Hardy and Shakespeare

Tracy Hayes

Thomas Hardy's relationship with Shakespeare began at a relatively early age. At 13, while attending Isaac Last's school, he had already read all of Shakespeare's tragedies, though he was disappointed with Hamlet because 'the ghost did not play his part up to the end as he ought to have done'. In 1863 Hardy took up lodgings at 16 Westbourne Park Villas in London, and this is where his literary career can truly be said to have begun. While working as an architectural draughtsman for Arthur Blomfield during the day, Hardy devoted himself to a rigorous program of self-education in the evenings and at weekends, attending the opera and the theatre, visiting museums and art galleries, and reading voraciously. He was already reading a great deal of Shakespeare, using a ten-volume edition he purchased soon after arriving at his lodgings. It was here that he began his 'Studies, Specimens &c.' notebook, writing out brief quotations from a number of authors, including Shakespeare, as a series of vocabulary-building exercises, underlining words he found particularly interesting. Hardy would later write in 'The Profitable Reading of Fiction' (1888) that 'Good fiction may be defined here as that kind of imaginative writing which lies nearest to the epic, dramatic, or narrative masterpieces of the past...Any system which should attach more importance to the delineation of man's appetites than to the delineation of his aspirations, affections, or humours, would condemn the old masters of imaginative creation from Aeschylus to Shakespeare'.

Hardy often underlined passages of certain books and his copy of the Bible, and dated them, when in a particular mood, and his Shakespeare volumes were no exception. For example, on 15th December 1870, after sending off the completed manuscript of Desperate Remedies to Tinsley, Hardy was not hopeful of success and marked a line from Hamlet: 'Thou wouldst not think how ill all's here about my heart: but it is no matter!'. The following year while completing his novel Under the Greenwood Tree he noted 'July 1871' next to a line from Macbeth: 'Things at their worst will cease, or else climb upward to what they were before'. When in 1873 Hardy's friend and mentor Horace Moule committed suicide in his rooms at Cambridge, Hardy turned to Shakespeare's Sonnet 32 for comfort: 'But since he died, and poets better prove,/Theirs for their style I'll read, his for his love'. Interestingly, in 1881 while living in Wimborne with his first wife Emma, Hardy briefly joined the Local Shakespeare Reading Society, which met in private houses, members being assigned parts beforehand to recite at each meeting. By this time though Hardy had become somewhat of a sophisticated Londoner, a regular of 'the Season', and he soon dropped out, 'leaving behind a reputation as a poor performer who put no expression into his reading'.

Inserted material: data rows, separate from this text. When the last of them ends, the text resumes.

text \<open>The tails are uniformly small at the finitely many grid points i/N, and every v \<in> [0,1)
  lies within 1/N of one of them, where the Lipschitz bound controls the difference.\<close>
lemma fourier_tail_small_on_unit_interval:
  fixes \<phi> :: "real \<Rightarrow> complex" and T :: nat
  assumes meas: "\<phi> \<in> borel_measurable lborel" and L2: "l2sq \<phi> < \<infinity>"
    and supp: "\<And>x. x \<notin> {a..a + real T} \<Longrightarrow> \<phi> x = 0" and T: "T \<ge> 1" and e: "\<epsilon> > 0"
  shows "\<exists>K::nat. \<forall>v\<in>{0..<1}. \<forall>J. finite J \<longrightarrow> (\<forall>j\<in>J. real K < \<bar>of_int j\<bar>) \<longrightarrow>
           (\<Sum>j\<in>J. (cmod (fourier \<phi> (v + of_int j)))\<^sup>2) \<le> \<epsilon>"
proof -
  define Q where "Q = real T * (2 * pi * (\<bar>a\<bar> + real T))\<^sup>2 * enn2real (l2sq \<phi>)"
  have Q0: "Q \<ge> 0" by (simp add: Q_def)
  obtain N :: nat where N1: "N \<ge> 1" and grid_error: "Q * (1 / real N)\<^sup>2 \<le> \<epsilon> / 4"
    using exists_nat_inverse_sq_le[OF Q0, of "\<epsilon> / 4"] e by auto
  have "\<forall>i\<in>{0..N}. \<exists>K::nat. \<forall>F. finite F \<longrightarrow> (\<forall>j\<in>F. real K < \<bar>of_int j\<bar>) \<longrightarrow>
      (\<Sum>j\<in>F. (cmod (fourier \<phi> (real i / real N + of_int j)))\<^sup>2) \<le> \<epsilon> / 4"
    using e by (intro ballI bounded_sums_small_tail[where B = "real T * enn2real (l2sq \<phi>)"]
        sum_fourier_samples_le[OF meas L2 supp _ T]) auto
  then obtain K where K: "\<And>i F. i \<in> {0..N} \<Longrightarrow> finite F \<Longrightarrow> (\<forall>j\<in>F. real (K i) < \<bar>of_int j\<bar>) \<Longrightarrow>
      (\<Sum>j\<in>F. (cmod (fourier \<phi> (real i / real N + of_int j)))\<^sup>2) \<le> \<epsilon> / 4"
    by metis
  show ?thesis
  proof (intro exI ballI allI impI)
    fix v :: real and J :: "int set"
    assume v: "v \<in> {0..<1}" and J: "finite J" and far: "\<forall>j\<in>J. real (Max (K ` {0..N})) < \<bar>of_int j\<bar>"
    obtain i where i: "i \<in> {0..N}" and near: "\<bar>v - real i / real N\<bar> \<le> 1 / real N"
      using exists_grid_point_near[of v N] v N1 by auto
    have "K i \<le> Max (K ` {0..N})" using i by (intro Max_ge) auto
    then have grid_tail: "(\<Sum>j\<in>J. (cmod (fourier \<phi> (real i / real N + of_int j)))\<^sup>2) \<le> \<epsilon> / 4"
      using far by (intro K[OF i J]) force
    have "(\<Sum>j\<in>J. (cmod (fourier \<phi> (v + of_int j) - fourier \<phi> (real i / real N + of_int j)))\<^sup>2)
        \<le> real T * (2 * pi * \<bar>v - real i / real N\<bar> * (\<bar>a\<bar> + real T))\<^sup>2 * enn2real (l2sq \<phi>)"
      by (rule sum_fourier_samples_diff_le[OF meas L2 supp J T])
    also have "\<dots> \<le> real T * (2 * pi * (1 / real N) * (\<bar>a\<bar> + real T))\<^sup>2 * enn2real (l2sq \<phi>)"
      using near by (intro mult_right_mono mult_left_mono power_mono) simp_all
    also have "\<dots> = Q * (1 / real N)\<^sup>2"
      unfolding Q_def by (simp add: power_mult_distrib power_divide mult_ac)
    finally have grid_diff: "(\<Sum>j\<in>J. (cmod (fourier \<phi> (v + of_int j) - fourier \<phi> (real i / real N + of_int j)))\<^sup>2) \<le> \<epsilon> / 4"
      using grid_error by linarith
    have "(\<Sum>j\<in>J. (cmod (fourier \<phi> (v + of_int j)))\<^sup>2)
        \<le> (\<Sum>j\<in>J. 2 * (cmod (fourier \<phi> (real i / real N + of_int j)))\<^sup>2
            + 2 * (cmod (fourier \<phi> (v + of_int j) - fourier \<phi> (real i / real N + of_int j)))\<^sup>2)"
      by (intro sum_mono norm_sq_le_twice_norm_sq_add)
    also have "\<dots> \<le> \<epsilon>"
      using grid_tail grid_diff by (simp add: sum.distrib flip: sum_distrib_left)
    finally show "(\<Sum>j\<in>J. (cmod (fourier \<phi> (v + of_int j)))\<^sup>2) \<le> \<epsilon>" .
  qed
qed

Allusions to Shakespeare often featured in Hardy's novels, both Michael Henchard from The Mayor of Casterbridge and Clym Yeobright from The Return of the Native being susceptible to analogies with King Lear. Tess of the d'Urbervilles, subtitled 'A Pure Woman', also contained as an epigraph a passage from The Two Gentlemen of Verona: 'Poor wounded name! My bosom as a bed/Shall lodge thee'. And Hardy modelled his verse drama The Dynasts on Shakespeare's history plays.

In 1892 Hardy's father, also Thomas Hardy, passed away, his death certificate citing 'exhaustion'. Hardy was devastated, he had been very close to, and hugely admiring of, his father, who had instilled in the son his love of music and his steadfast work ethic. After the funeral Hardy once again turned to his copy of Hamlet, underlining Hamlet's praise of his friend Horatio as 'A man that fortune's buffets and rewards/Has ta'en with equal thanks'. Hardy did in fact visit Stratford-upon-Avon, staying for a week during a holiday with Emma in August 1896. Though we have no record of his impressions there, we do know from The Life that he reread King Lear after Emma suffered from an accident while riding her bicycle. A quote which Hardy claimed was 'partly from Shakespeare and partly from the Bible' was carved into Emma's tomb after her death in 1912: 'This For Remembrance'. By 1920 Shakespeare's works had become so ingrained in Hardy's psychological make-up that his friend Sir Sidney Cockerell claimed all of Hardy's conversations when entertaining visitors at Max Gate were 'as usual' about 'Shakespeare, Keats, and Shelley'. The great Stratford Bard had become an integral part of the great Wessex author's life, and remained so until his death in 1928.